The life and career of the orator Demosthenes: Plutarch, Life of Demosthenes. Evidence for the orator’s family and early experience as a trierarch is presented in the entry for Demosthenes in John K. Davies, Athenian Propertied Families, 600-300 B.C. Aeschines and other contemporaries questioned the practical value of Demosthenes’ opposition to Philip. The same negative view was expressed in the second century B.C. by Polybius, followed by a host of historical writers down to the present day. This book, taking Demosthenes’ consistent championship of the navy as a starting point, attempts to offer a more positive view of his personality, politics, and patriotism.

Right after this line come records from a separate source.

(* Let $n=2p$ with $p$ a positive integer, $m$ a positive integer, and $s$ a real number with $0\le s\le p$. Define $$g(\alpha)=2\sum_{i=1}^p\Big(2i\alpha_i+m\big(\alpha_i+1-\tfrac{s}{p}\big)^+\Big)$$ on $\mathcal{P}=\{\alpha\in\mathbb{R}^p:\ \tfrac{s}{p}\ge\alpha_1\ge\cdots\ge\alpha_p,\ \sum_{i=1}^p\alpha_i=0\}$. If $m\ge 2(\lceil s\rceil-1)$, then $\min_{\alpha\in\mathcal{P}}g(\alpha)\ge d_2(s)$, where $d_2$ is the piecewise linear function connecting the points $(s,(n-2s)(m-s))$ for $s\in\mathbb{Z}$.
   Context: $(x)^+=\max(0,x)$. *)

theory Defs
  imports Complex_Main
begin

definition pos_part :: "real \<Rightarrow> real" where
  "pos_part x = max 0 x"

definition d2_node :: "nat \<Rightarrow> nat \<Rightarrow> int \<Rightarrow> real" where
  "d2_node n m k = (real n - 2 * real_of_int k) * (real m - real_of_int k)"

definition d2 :: "nat \<Rightarrow> nat \<Rightarrow> real \<Rightarrow> real" where
  "d2 n m s = (let k = \<lfloor>s\<rfloor> in
     d2_node n m k + (s - real_of_int k) * (d2_node n m (k + 1) - d2_node n m k))"

definition g_fun :: "nat \<Rightarrow> nat \<Rightarrow> real \<Rightarrow> (nat \<Rightarrow> real) \<Rightarrow> real" where
  "g_fun p m s \<alpha> = 2 * (\<Sum>i=1..p. 2 * real i * \<alpha> i + real m * pos_part (\<alpha> i + 1 - s / real p))"

definition P_set :: "nat \<Rightarrow> real \<Rightarrow> (nat \<Rightarrow> real) set" where
  "P_set p s = {\<alpha>. s / real p \<ge> \<alpha> 1 \<and> (\<forall>i\<in>{1..<p}. \<alpha> i \<ge> \<alpha> (i + 1))
                   \<and> (\<Sum>i=1..p. \<alpha> i) = 0}"

end

theory Submission
  imports Defs
begin

text \<open>Write a = s/p, S k = \<alpha> 1 + ... + \<alpha> k and let M = \<Sum>i. pos_part (\<alpha> i + 1 - a) be the
  excess. Since S p = 0, Abel summation gives \<Sum>i. i \<alpha> i = - \<Sum>k<p. S k, and every partial
  sum satisfies S k \<le> k a (the \<alpha> i decrease from \<alpha> 1 \<le> a) and S k \<le> M - k (1 - a). Hence
  g \<alpha> \<ge> 2 (m M - s (p - 1) + 2 \<Sum>k<p. pos_part (k - M)), a function of M \<ge> p - s alone. Its
  slope is at least m - 2 card {k < p. k > p - s} \<ge> m - 2 (\<lceil>s\<rceil> - 1) \<ge> 0, so it is minimal
  at M = p - s, where it equals d2 s.\<close>

lemma sum_of_nat_mult_eq_partial_sums:
  fixes a :: "nat \<Rightarrow> 'a::comm_ring_1"
  shows "(\<Sum>i=1..N. of_nat i * a i) = of_nat N * (\<Sum>i=1..N. a i) - (\<Sum>k=1..<N. \<Sum>i=1..k. a i)"
proof (induction N)
  case 0 then show ?case by simp
next
  case (Suc N)
  have "(\<Sum>k=1..<Suc N. \<Sum>i=1..k. a i) = (\<Sum>k=1..<N. \<Sum>i=1..k. a i) + (\<Sum>i=1..N. a i)"
    by (cases N) (simp_all add: sum.atLeastLessThan_Suc)
  with Suc show ?case by (simp add: algebra_simps)
qed

lemma double_sum_atLeastLessThan_of_nat:
  "2 * (\<Sum>k=1..<q. real k) = real q * (real q - 1)"
proof (cases q)
  case (Suc r)
  then have "{1..<q} = {Suc 0..r}" by auto
  with Suc show ?thesis
    using double_gauss_sum_from_Suc_0[of r, where 'a = real] by (simp add: algebra_simps)
qed simp

lemma card_indices_above_le:
  fixes s :: real
  shows "card {k\<in>{1..<p}. real p - s < real k} \<le> nat \<lceil>s\<rceil> - 1"
proof -
  define c where "c = nat \<lceil>s\<rceil>"
  have "{k\<in>{1..<p}. real p - s < real k} \<subseteq> {p + 1 - c..<p}"
  proof
    fix k assume k: "k \<in> {k\<in>{1..<p}. real p - s < real k}"
    have "s \<le> real c" by (simp add: c_def) linarith
    with k have "p < k + c" by auto
    with k show "k \<in> {p + 1 - c..<p}" by auto
  qed
  then have "card {k\<in>{1..<p}. real p - s < real k} \<le> card {p + 1 - c..<p}"
    by (rule card_mono[rotated]) simp
  then show ?thesis by (simp add: c_def)
qed

lemma mult_add_sum_pos_part_mono:
  fixes f :: "'a \<Rightarrow> real"
  assumes "finite K" "c \<le> d" "2 * real (card {k\<in>K. c < f k}) \<le> m"
  shows "m * c + 2 * (\<Sum>k\<in>K. pos_part (f k - c)) \<le> m * d + 2 * (\<Sum>k\<in>K. pos_part (f k - d))"
proof -
  \<comment> \<open>On [c, d] each ramp decreases with slope at most 1, and only if c < f k.\<close>
  have "(\<Sum>k\<in>K. pos_part (f k - c) - (d - c) * (if c < f k then 1 else 0))
      \<le> (\<Sum>k\<in>K. pos_part (f k - d))"
    by (rule sum_mono) (use assms(2) in \<open>auto simp: pos_part_def\<close>)
  then have "(\<Sum>k\<in>K. pos_part (f k - c)) - (\<Sum>k\<in>K. (d - c) * (if c < f k then 1 else 0))
      \<le> (\<Sum>k\<in>K. pos_part (f k - d))"
    by (simp only: sum_subtractf)
  moreover have "(\<Sum>k\<in>K. (d - c) * (if c < f k then 1 else 0)) = (d - c) * card {k\<in>K. c < f k}"
    using assms(1) by (simp add: sum_distrib_left[symmetric] sum.If_cases Int_def conj_commute)
  moreover have "(d - c) * (2 * card {k\<in>K. c < f k}) \<le> (d - c) * m"
    using assms(2,3) by (intro mult_left_mono) auto
  ultimately show ?thesis by (simp add: algebra_simps)
qed

lemma sum_le_sum_pos_part:
  fixes f :: "nat \<Rightarrow> real"
  assumes "k \<le> p"
  shows "(\<Sum>i=1..k. f i) \<le> (\<Sum>i=1..p. pos_part (f i))"
proof -
  have "(\<Sum>i=1..k. f i) \<le> (\<Sum>i=1..k. pos_part (f i))"
    by (rule sum_mono) (simp add: pos_part_def)
  also have "\<dots> \<le> (\<Sum>i=1..p. pos_part (f i))"
    by (rule sum_mono2) (use assms in \<open>auto simp: pos_part_def\<close>)
  finally show ?thesis .
qed

lemma sum_pos_part_ramp:
  fixes x :: real
  assumes "0 \<le> x" "x \<le> real q"
  shows "2 * (\<Sum>k=1..<q. pos_part (real k - (real q - x)))
       = of_int \<lfloor>x\<rfloor> * (of_int \<lfloor>x\<rfloor> - 1) + 2 * of_int \<lfloor>x\<rfloor> * (x - of_int \<lfloor>x\<rfloor>)"
  using assms
proof (induction q arbitrary: x)
  case 0 then show ?case by simp
next
  case (Suc q)
  have split: "(\<Sum>k=1..<Suc q. pos_part (real k - (real (Suc q) - x)))
     = (\<Sum>k=1..<q. pos_part (real k - (real q - (x - 1)))) + pos_part (x - 1)"
    using Suc.prems by (cases q) (auto simp: sum.atLeastLessThan_Suc pos_part_def algebra_simps)
  show ?case
  proof (cases "x \<ge> 1")
    case True
    have "\<lfloor>x - 1\<rfloor> = \<lfloor>x\<rfloor> - 1" by (simp add: floor_diff_one)
    with True Suc.IH[of "x - 1"] Suc.prems show ?thesis
      unfolding split by (simp add: pos_part_def algebra_simps)
  next
    case False
    then have "(\<Sum>k=1..<q. pos_part (real k - (real q - (x - 1)))) = 0"
      by (intro sum.neutral) (auto simp: pos_part_def)
    moreover have "\<lfloor>x\<rfloor> = 0" using False Suc.prems by (simp add: floor_eq_iff)
    ultimately show ?thesis using False unfolding split by (simp add: pos_part_def)
  qed
qed

lemma d2_double_eq_sum_pos_part:
  assumes "0 \<le> s" "s \<le> real p"
  shows "d2 (2 * p) m s = 2 * (real m * (real p - s) - s * (real p - 1)
           + 2 * (\<Sum>k=1..<p. pos_part (real k - (real p - s))))"
  using sum_pos_part_ramp[OF assms]
  by (simp add: d2_def d2_node_def Let_def algebra_simps)

lemma P_set_le_first:
  assumes "\<alpha> \<in> P_set p s" "1 \<le> i" "i \<le> p"
  shows "\<alpha> i \<le> s / real p"
  using assms(2,3)
proof (induction i rule: dec_induct)
  case base then show ?case using assms(1) by (simp add: P_set_def)
next
  case (step i)
  then have "\<alpha> (Suc i) \<le> \<alpha> i" using assms(1) by (simp add: P_set_def)
  with step show ?case by simp
qed

lemma P_set_partial_sum_le:
  assumes "\<alpha> \<in> P_set p s" "k \<le> p"
  shows "(\<Sum>i=1..k. \<alpha> i) \<le> real k * (s / real p)"
proof -
  have "(\<Sum>i=1..k. \<alpha> i) \<le> (\<Sum>i=1..k. s / real p)"
    by (rule sum_mono) (use P_set_le_first[OF assms(1)] assms(2) in auto)
  then show ?thesis by simp
qed

lemma P_set_sum_pos_part_ge:
  assumes "p > 0" "\<alpha> \<in> P_set p s"
  shows "real p - s \<le> (\<Sum>i=1..p. pos_part (\<alpha> i + 1 - s / real p))"
proof -
  have "(\<Sum>i=1..p. \<alpha> i + 1 - s / real p) = real p - s"
    using assms by (simp add: P_set_def sum.distrib sum_subtractf)
  with sum_le_sum_pos_part[of p p "\<lambda>i. \<alpha> i + 1 - s / real p"] show ?thesis by simp
qed

lemma g_fun_ge:
  assumes "p > 0" "\<alpha> \<in> P_set p s"
  defines "M \<equiv> \<Sum>i=1..p. pos_part (\<alpha> i + 1 - s / real p)"
  shows "2 * (real m * M - s * (real p - 1) + 2 * (\<Sum>k=1..<p. pos_part (real k - M)))
           \<le> g_fun p m s \<alpha>"
proof -
  define a where "a = s / real p"
  define S where "S k = (\<Sum>i=1..k. \<alpha> i)" for k
  have g: "g_fun p m s \<alpha> = 2 * (2 * (\<Sum>i=1..p. real i * \<alpha> i) + real m * M)"
    by (simp add: g_fun_def M_def sum.distrib sum_distrib_left mult.assoc)
  have "(\<Sum>i=1..p. real i * \<alpha> i) = - (\<Sum>k=1..<p. S k)"
    using sum_of_nat_mult_eq_partial_sums[of \<alpha> p] assms(2) by (simp add: S_def P_set_def)
  moreover have "S k \<le> real k * a - pos_part (real k - M)" if "k \<le> p" for k
  proof -
    have "(\<Sum>i=1..k. \<alpha> i + 1 - a) = S k + real k * (1 - a)"
      by (simp add: S_def sum_subtractf sum.distrib algebra_simps)
    then have "S k + real k * (1 - a) \<le> M"
      using sum_le_sum_pos_part[OF that, of "\<lambda>i. \<alpha> i + 1 - a"] by (simp add: M_def a_def)
    with P_set_partial_sum_le[OF assms(2) that] show ?thesis
      by (auto simp: S_def a_def pos_part_def algebra_simps)
  qed
  then have "(\<Sum>k=1..<p. S k) \<le> (\<Sum>k=1..<p. real k * a - pos_part (real k - M))"
    by (intro sum_mono) auto
  moreover have "2 * (\<Sum>k=1..<p. real k * a) = a * (2 * (\<Sum>k=1..<p. real k))"
    by (simp add: sum_distrib_left algebra_simps)
  then have "2 * (\<Sum>k=1..<p. real k * a) = s * (real p - 1)"
    using double_sum_atLeastLessThan_of_nat[of p] assms(1) by (simp add: a_def)
  ultimately show ?thesis unfolding g by (simp add: sum_subtractf)
qed

theorem mainTheorem6:
  fixes p m n :: nat and s :: real
  assumes "p > 0" and "m > 0" and "n = 2 * p"
    and "0 \<le> s" and "s \<le> real p"
    and "real m \<ge> 2 * (real_of_int \<lceil>s\<rceil> - 1)"
  shows "\<forall>\<alpha>\<in>P_set p s. g_fun p m s \<alpha> \<ge> d2 n m s"
proof
  fix \<alpha> assume \<alpha>: "\<alpha> \<in> P_set p s"
  define M where "M = (\<Sum>i=1..p. pos_part (\<alpha> i + 1 - s / real p))"
  have "real (card {k\<in>{1..<p}. real p - s < real k}) \<le> real (nat \<lceil>s\<rceil> - 1)"
    using card_indices_above_le[of p s] by linarith
  also have "\<dots> \<le> real m / 2"
    using assms(2,6) by (cases "\<lceil>s\<rceil> \<ge> 1") (auto simp: of_nat_diff)
  finally have "2 * real (card {k\<in>{1..<p}. real p - s < real k}) \<le> real m" by simp
  then have "real m * (real p - s) + 2 * (\<Sum>k=1..<p. pos_part (real k - (real p - s)))
      \<le> real m * M + 2 * (\<Sum>k=1..<p. pos_part (real k - M))"
    using P_set_sum_pos_part_ge[OF assms(1) \<alpha>] unfolding M_def
    by (intro mult_add_sum_pos_part_mono) auto
  then have "d2 n m s \<le> 2 * (real m * M - s * (real p - 1) + 2 * (\<Sum>k=1..<p. pos_part (real k - M)))"
    using d2_double_eq_sum_pos_part[OF assms(4,5), of m] assms(3) by simp
  also have "\<dots> \<le> g_fun p m s \<alpha>"
    using g_fun_ge[OF assms(1) \<alpha>] unfolding M_def .
  finally show "g_fun p m s \<alpha> \<ge> d2 n m s" .
qed

end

Passages quoted from Demosthenes’ orations to the Assembly: On the Navy Boards, 1 and 29, adapted from the translation of J. H. Vince; First Philippic, 15, 16, 29, 40, and 50, translation by R. D. Milns; Third Philippic, 51 and 69. Demosthenes reflects on Philip’s advantages over a democratic leader such as himself, “First, he had absolute rule over his followers . . .”: On the Crown, 235-36, translation by John Keaney.
Chapter 20. In the Shadow of Macedon [339-324 B.C.]
Epigraph, page 294: Isocrates, Panegyricus 21, adapted from the translation by George Norlin, Loeb Classical Library, 1928.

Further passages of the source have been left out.